Проснулась только к обеду следующего дня. И сразу ощутила голод, ведь не ела со вчерашнего утра. Это хороший знак, подумала она, и немного подкрепилась: салат, суп, большой кусок курицы, гигантская порция пюре, чай и три пирожных. У неё даже улучшилось настроение, и она решила прогуляться по набережной. Пока гуляла, в голову пришла идея эссе. Имоджин примчалась домой, и села за компьютер. Через два часа появилась таблица, в которую были вписаны имена ухажеров, – только тех, которым была дана отставка, и нанесена какая-нибудь обида. Напротив каждого – описание случая, комментарии, и оценка оскорбления по пятибалльной шкале. Получился длинный, в пятьдесят шесть пунктов, список.
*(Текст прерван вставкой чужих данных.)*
(* Let $A$ be a Banach lattice algebra. Then $BP_l(A)\cap BP_r(A)\subseteq BP(A)$, and the sets $BP(A)$, $BP_l(A)$, $BP_r(A)$ are norm closed. If moreover $A$ has an identity $e$, then $BP_l(A)=OI(A)=BP_r(A)$; in particular $OI(A)\subseteq BP(A)$.
   Context: A Banach lattice algebra is a real Banach lattice $A$ with an associative bilinear product making it a Banach algebra such that $xy\ge0$ whenever $x,y\ge0$; identity $e$ means a multiplicative identity with $\|e\|=1$. $L_a(x)=ax$, $R_a(x)=xa$. A band projection on a Banach lattice $X$ is an operator $P$ with $P^2=P$, $0\le P\le I_X$. $BP(A)=\{a\in A_+: L_aR_a\text{ is a band projection}\}$, $BP_l(A)=\{a\in A_+: L_a\text{ is a band projection}\}$, $BP_r(A)=\{a\in A_+: R_a\text{ is a band projection}\}$, $OI(A)=\{p: p^2=p,\ 0\le p\le e\}$. *)

theory Defs
  imports "HOL-Analysis.Analysis"
begin

class banach_lattice = banach + ordered_real_vector + lattice +
  assumes lattice_norm: "sup x (- x) \<le> sup y (- y) \<Longrightarrow> norm x \<le> norm y"

class banach_lattice_algebra = banach_lattice + real_normed_algebra +
  assumes mult_pos: "0 \<le> x \<Longrightarrow> 0 \<le> y \<Longrightarrow> 0 \<le> x * y"

definition band_projection :: "('a::banach_lattice \<Rightarrow> 'a) \<Rightarrow> bool" where
  "band_projection P \<longleftrightarrow> bounded_linear P \<and> (P \<circ> P = P)
     \<and> (\<forall>x. 0 \<le> x \<longrightarrow> 0 \<le> P x \<and> P x \<le> x)"

definition L_op :: "'a::banach_lattice_algebra \<Rightarrow> 'a \<Rightarrow> 'a" where
  "L_op a = (\<lambda>x. a * x)"

definition R_op :: "'a::banach_lattice_algebra \<Rightarrow> 'a \<Rightarrow> 'a" where
  "R_op a = (\<lambda>x. x * a)"

definition BP :: "'a::banach_lattice_algebra set" where
  "BP = {a. 0 \<le> a \<and> band_projection (L_op a \<circ> R_op a)}"

definition BP_l :: "'a::banach_lattice_algebra set" where
  "BP_l = {a. 0 \<le> a \<and> band_projection (L_op a)}"

definition BP_r :: "'a::banach_lattice_algebra set" where
  "BP_r = {a. 0 \<le> a \<and> band_projection (R_op a)}"

definition is_identity :: "'a::banach_lattice_algebra \<Rightarrow> bool" where
  "is_identity e \<longleftrightarrow> (\<forall>x. e * x = x \<and> x * e = x) \<and> norm e = 1"

definition OI :: "'a::banach_lattice_algebra \<Rightarrow> 'a set" where
  "OI e = {p. p * p = p \<and> 0 \<le> p \<and> p \<le> e}"

end

theory Submission
  imports Defs "HOL-Library.Lattice_Algebras"
begin

text \<open>The operators \<open>L\<^sub>a\<close> and \<open>R\<^sub>a\<close> commute by associativity, and a composite of commuting
  band projections is a band projection; this gives \<open>BP\<^sub>l \<inter> BP\<^sub>r \<subseteq> BP\<close>. Each of the three
  sets is cut out by the closed positive cone and by order and idempotency conditions depending
  continuously on \<open>a\<close>, hence is closed.
  For an identity \<open>e = u - v\<close> with \<open>u = e\<^sup>+\<close>, \<open>v = e\<^sup>-\<close>, the equations \<open>u = eu\<close> and \<open>v = ve\<close> give
  \<open>u\<^sup>2 \<ge> u + v\<close> and \<open>vu \<ge> v\<close>, so \<open>u\<^sup>n\<^sup>+\<^sup>1 \<ge> u + nv\<close> while \<open>\<parallel>u\<^sup>n\<^sup>+\<^sup>1\<parallel> \<le> 1\<close>; thus \<open>v = 0\<close> and \<open>e \<ge> 0\<close>.
  Then \<open>a \<in> BP\<^sub>l\<close> yields \<open>a = ae\<close> idempotent with \<open>a = ae \<le> e\<close>, and conversely an order
  idempotent \<open>p \<le> e\<close> satisfies \<open>px \<le> ex = x\<close> for \<open>x \<ge> 0\<close>; symmetrically for \<open>BP\<^sub>r\<close>.\<close>

subclass (in banach_lattice) lattice_ab_group_add ..

lemma sup_neg_nonneg: "0 \<le> sup a (- a :: 'a::lattice_ab_group_add)"
proof -
  have "a + - a \<le> sup a (- a) + sup a (- a)"
    by (intro add_mono) auto
  then show ?thesis by simp
qed

lemma sup_neg_eq_self: "0 \<le> x \<Longrightarrow> sup x (- x :: 'a::lattice_ab_group_add) = x"
  by (rule sup_absorb1) (meson neg_le_0_iff_le order_trans)

lemma norm_mono_nonneg:
  fixes x y :: "'a::banach_lattice"
  assumes "0 \<le> x" "x \<le> y"
  shows "norm x \<le> norm y"
  using assms by (intro lattice_norm) (simp add: sup_neg_eq_self order_trans[OF assms])

lemma norm_nprt_le_dist_nonneg:
  fixes x y :: "'a::banach_lattice"
  assumes "0 \<le> y"
  shows "norm (nprt x) \<le> norm (x - y)"
proof (rule lattice_norm)
  have "sup (nprt x) (- nprt x) = - nprt x"
    using sup_neg_eq_self[of "- nprt x"] by (simp add: sup_commute)
  also have "\<dots> \<le> - nprt (x - y)"
    using assms by (simp add: nprt_mono)
  also have "\<dots> = pprt (y - x)"
    by (simp flip: pprt_neg)
  also have "\<dots> \<le> sup (x - y) (- (x - y))"
    using sup_neg_nonneg[of "x - y"] by (simp add: pprt_def)
  finally show "sup (nprt x) (- nprt x) \<le> sup (x - y) (- (x - y))" .
qed

lemma closed_nonneg: "closed {x::'a::banach_lattice. 0 \<le> x}"
proof (subst closure_subset_eq[symmetric], intro subsetI)
  fix x :: 'a
  assume "x \<in> closure {x. 0 \<le> x}"
  then have "norm (nprt x) < e" if "e > 0" for e
    using that norm_nprt_le_dist_nonneg[of _ x]
    by (fastforce simp: closure_approachable dist_norm norm_minus_commute)
  then have "nprt x = 0"
    by (metis less_irrefl zero_less_norm_iff)
  then show "x \<in> {x. 0 \<le> x}"
    by (simp add: zero_le_iff_zero_nprt)
qed

lemma mult_left_mono_nonneg:
  "(x::'a::banach_lattice_algebra) \<le> y \<Longrightarrow> 0 \<le> z \<Longrightarrow> z * x \<le> z * y"
  using mult_pos[of z "y - x"] by (simp add: right_diff_distrib)

lemma mult_right_mono_nonneg:
  "(x::'a::banach_lattice_algebra) \<le> y \<Longrightarrow> 0 \<le> z \<Longrightarrow> x * z \<le> y * z"
  using mult_pos[of "y - x" z] by (simp add: left_diff_distrib)

lemma band_projection_iff:
  assumes "bounded_linear P"
  shows "band_projection P \<longleftrightarrow>
    (\<forall>x. P (P x) = P x) \<and> (\<forall>x. 0 \<le> x \<longrightarrow> 0 \<le> P x \<and> P x \<le> x)"
  using assms by (auto simp: band_projection_def fun_eq_iff)

lemma band_projection_comp:
  assumes P: "band_projection P" and Q: "band_projection Q" and "P \<circ> Q = Q \<circ> P"
  shows "band_projection (P \<circ> Q)"
proof -
  have "P (Q (P (Q x))) = P (Q x)" for x
    using P Q \<open>P \<circ> Q = Q \<circ> P\<close> by (metis band_projection_def comp_apply)
  moreover have "0 \<le> P (Q x) \<and> P (Q x) \<le> x" if "0 \<le> x" for x
    using P Q that unfolding band_projection_def by (meson order_trans)
  moreover have "bounded_linear (P \<circ> Q)"
    using P Q unfolding band_projection_def o_def by (blast intro: bounded_linear_compose)
  ultimately show ?thesis
    by (simp add: band_projection_iff)
qed

lemma closed_band_projections:
  fixes P :: "'b::topological_space \<Rightarrow> 'a::banach_lattice \<Rightarrow> 'a"
  assumes "\<And>a. bounded_linear (P a)" and cont: "continuous_on UNIV (\<lambda>(a, x). P a x)"
  shows "closed {a. band_projection (P a)}"
proof -
  have cont_P: "continuous_on UNIV (\<lambda>a. P a (f a))" if "continuous_on UNIV f" for f
    using continuous_on_compose2[OF cont continuous_on_Pair[OF continuous_on_id that]] by simp
  have eq: "{a. band_projection (P a)} = (\<Inter>x. {a. P a (P a x) = P a x})
      \<inter> (\<Inter>x\<in>{x. 0 \<le> x}. {a. 0 \<le> P a x} \<inter> {a. 0 \<le> x - P a x})"
    by (auto simp: band_projection_iff assms(1))
  have c1: "closed {a. P a (P a x) = P a x}" for x
    by (intro closed_Collect_eq cont_P continuous_intros)
  have c2: "closed {a. 0 \<le> g a}" if "continuous_on UNIV g" for g :: "'b \<Rightarrow> 'a"
    using closed_vimage[OF closed_nonneg that] by (simp add: vimage_def)
  show ?thesis unfolding eq
    by (intro closed_Int closed_INT ballI c1 c2 cont_P continuous_intros)
qed

lemma L_op_comp_R_op_commute: "L_op a \<circ> R_op b = R_op b \<circ> L_op a"
  by (simp add: fun_eq_iff L_op_def R_op_def mult.assoc)

lemma BP_l_Int_BP_r_subset_BP: "BP_l \<inter> BP_r \<subseteq> BP"
  unfolding BP_l_def BP_r_def BP_def
  using band_projection_comp L_op_comp_R_op_commute by blast

lemma closed_BP_l: "closed BP_l"
proof -
  have "closed {a::'a. band_projection (L_op a)}"
    by (rule closed_band_projections)
      (auto simp: L_op_def case_prod_beta bounded_linear_mult_right intro!: continuous_intros)
  then show ?thesis
    unfolding BP_l_def Collect_conj_eq by (intro closed_Int closed_nonneg)
qed

lemma closed_BP_r: "closed BP_r"
proof -
  have "closed {a::'a. band_projection (R_op a)}"
    by (rule closed_band_projections)
      (auto simp: R_op_def case_prod_beta bounded_linear_mult_left intro!: continuous_intros)
  then show ?thesis
    unfolding BP_r_def Collect_conj_eq by (intro closed_Int closed_nonneg)
qed

lemma closed_BP: "closed BP"
proof -
  have "bounded_linear (L_op a \<circ> R_op a)" for a :: 'a
    unfolding L_op_def R_op_def o_def
    by (rule bounded_linear_compose[OF bounded_linear_mult_right bounded_linear_mult_left])
  then have "closed {a::'a. band_projection (L_op a \<circ> R_op a)}"
    by (rule closed_band_projections)
      (auto simp: L_op_def R_op_def case_prod_beta intro!: continuous_intros)
  then show ?thesis
    unfolding BP_def Collect_conj_eq by (intro closed_Int closed_nonneg)
qed

lemma norm_pprt_le: "norm (pprt x) \<le> norm (x::'a::banach_lattice)"
proof (rule lattice_norm)
  have "sup (pprt x) (- pprt x) = pprt x"
    by (simp add: sup_neg_eq_self)
  also have "\<dots> \<le> sup x (- x)"
    using sup_neg_nonneg[of x] by (simp add: pprt_def)
  finally show "sup (pprt x) (- pprt x) \<le> sup x (- x)" .
qed

text \<open>\<open>u + n v\<close> is dominated by the \<open>(n+1)\<close>-st power of \<open>u\<close>, whose norm is at most one.\<close>
lemma eq_zero_if_dominated_by_contraction:
  fixes u v :: "'a::banach_lattice_algebra"
  assumes "0 \<le> u" "0 \<le> v" "norm u \<le> 1" "u + v \<le> u * u" "v \<le> v * u"
  shows "v = 0"
proof -
  have dominated: "\<exists>w. u + real n *\<^sub>R v \<le> w \<and> norm w \<le> 1" for n
  proof (induction n)
    case 0
    then show ?case using assms(3) by auto
  next
    case (Suc n)
    then obtain w where w: "u + real n *\<^sub>R v \<le> w" "norm w \<le> 1" by blast
    have "u + real (Suc n) *\<^sub>R v = (u + v) + real n *\<^sub>R v"
      by (simp add: scaleR_left_distrib algebra_simps)
    also have "\<dots> \<le> u * u + real n *\<^sub>R (v * u)"
      using assms(4,5) by (intro add_mono scaleR_left_mono) auto
    also have "\<dots> = (u + real n *\<^sub>R v) * u"
      by (simp add: distrib_right)
    also have "\<dots> \<le> w * u"
      using w(1) assms(1) by (rule mult_right_mono_nonneg)
    finally have "u + real (Suc n) *\<^sub>R v \<le> w * u" .
    moreover have "norm (w * u) \<le> 1"
      using norm_mult_ineq[of w u] mult_mono[OF w(2) assms(3)] by simp
    ultimately show ?case by blast
  qed
  have "real n * norm v \<le> 1" for n
  proof -
    obtain w where w: "u + real n *\<^sub>R v \<le> w" "norm w \<le> 1"
      using dominated by blast
    have "0 \<le> real n *\<^sub>R v"
      using assms(2) by (simp add: scaleR_nonneg_nonneg)
    moreover have "real n *\<^sub>R v \<le> w"
      using w(1) assms(1) by (simp add: add_increasing order_trans[rotated])
    ultimately have "norm (real n *\<^sub>R v) \<le> norm w"
      by (rule norm_mono_nonneg)
    then show ?thesis
      using w(2) by simp
  qed
  then show "v = 0"
    by (metis ex_less_of_nat_mult not_le zero_less_norm_iff)
qed

lemma identity_nonneg:
  fixes e :: "'a::banach_lattice_algebra"
  assumes "is_identity e"
  shows "0 \<le> e"
proof -
  define u v where "u = pprt e" and "v = - nprt e"
  have e: "e = u - v"
    using prts[of e] by (simp add: u_def v_def)
  have u0: "0 \<le> u" and v0: "0 \<le> v"
    by (simp_all add: u_def v_def)
  have uu: "u * u = u + v * u" and vu: "v * u = v + v * v"
    using assms by (metis is_identity_def e left_diff_distrib right_diff_distrib diff_eq_eq)+
  have "v \<le> v * u"
    using vu mult_pos[OF v0 v0] by simp
  moreover from this have "u + v \<le> u * u"
    using uu by simp
  moreover have "norm u \<le> 1"
    using assms norm_pprt_le[of e] by (simp add: u_def is_identity_def)
  ultimately have "v = 0"
    using u0 v0 by (intro eq_zero_if_dominated_by_contraction)
  with u0 show ?thesis
    by (simp add: e)
qed

lemma BP_l_eq_OI:
  fixes e :: "'a::banach_lattice_algebra"
  assumes e: "is_identity e"
  shows "BP_l = OI e"
proof (intro set_eqI iffI)
  fix a :: 'a assume "a \<in> BP_l"
  then have "0 \<le> a" "a * (a * e) = a * e" "a * e \<le> e"
    using identity_nonneg[OF e]
    by (auto simp: BP_l_def band_projection_def L_op_def fun_eq_iff)
  then show "a \<in> OI e"
    using e by (simp add: OI_def is_identity_def)
next
  fix a :: 'a assume "a \<in> OI e"
  then have "a * a = a" "0 \<le> a" "a \<le> e"
    by (auto simp: OI_def)
  moreover have "a * x \<le> x" if "0 \<le> x" for x
    using mult_right_mono_nonneg[OF \<open>a \<le> e\<close> that] e by (simp add: is_identity_def)
  ultimately show "a \<in> BP_l"
    by (simp add: BP_l_def L_op_def band_projection_iff bounded_linear_mult_right mult_pos
        flip: mult.assoc)
qed

lemma BP_r_eq_OI:
  fixes e :: "'a::banach_lattice_algebra"
  assumes e: "is_identity e"
  shows "BP_r = OI e"
proof (intro set_eqI iffI)
  fix a :: 'a assume "a \<in> BP_r"
  then have "0 \<le> a" "(e * a) * a = e * a" "e * a \<le> e"
    using identity_nonneg[OF e]
    by (auto simp: BP_r_def band_projection_def R_op_def fun_eq_iff)
  then show "a \<in> OI e"
    using e by (simp add: OI_def is_identity_def)
next
  fix a :: 'a assume "a \<in> OI e"
  then have "a * a = a" "0 \<le> a" "a \<le> e"
    by (auto simp: OI_def)
  moreover have "x * a \<le> x" if "0 \<le> x" for x
    using mult_left_mono_nonneg[OF \<open>a \<le> e\<close> that] e by (simp add: is_identity_def)
  ultimately show "a \<in> BP_r"
    by (simp add: BP_r_def R_op_def band_projection_iff bounded_linear_mult_left mult_pos mult.assoc)
qed

theorem mainTheorem18:
  shows "(BP_l \<inter> BP_r \<subseteq> (BP :: 'a::banach_lattice_algebra set))
    \<and> closed (BP :: 'a set) \<and> closed (BP_l :: 'a set) \<and> closed (BP_r :: 'a set)
    \<and> (\<forall>e::'a. is_identity e \<longrightarrow>
          BP_l = OI e \<and> OI e = BP_r \<and> OI e \<subseteq> BP)"
proof (intro conjI allI impI)
  fix e :: 'a
  assume e: "is_identity e"
  show "BP_l = OI e" and "OI e = BP_r"
    using BP_l_eq_OI[OF e] BP_r_eq_OI[OF e] by simp_all
  show "OI e \<subseteq> BP"
    using BP_l_Int_BP_r_subset_BP BP_l_eq_OI[OF e] BP_r_eq_OI[OF e] by blast
qed (fact BP_l_Int_BP_r_subset_BP closed_BP closed_BP_l closed_BP_r)+

end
И каждый пункт – чьи-то потрепанные нервы, переживания, – от лёгкого недоумения до суицидальных попыток.
Закончив с таблицей, она дважды пробежала глазами то, что получилось, и у неё поднялось настроение. Да, она получила заслуженную кару за то, что кому-то попортила кровь, и её переживания – ничто по сравнению с переживаниями пятидесяти шести достойных молодых людей, угодивших в черный список, которых пользовали для оплаты счетов в ресторане и в качестве шофера. А если сюда присовокупить менее достойных и всех клиентов, которых развели на выпивку…
Ей стало хорошо. Когда переносишь переживания на бумагу, становится легче – это проверенный способ. Можно писать как угодно, хоть без знаков препинания вообще. Ещё есть вариант – рассказывать о своей проблеме как можно большему количеству людей. Когда не носишь проблему в себе, а выбрасываешь в мир, она становится менее значительной. Увы, со счастьем работает то же правило: чем больше о нём говоришь, тем меньше его у тебя остаётся. Имоджин решила ни с кем не делиться своим и без того крохотным счастьем от написанного текста и легла спать, выпив снотворного.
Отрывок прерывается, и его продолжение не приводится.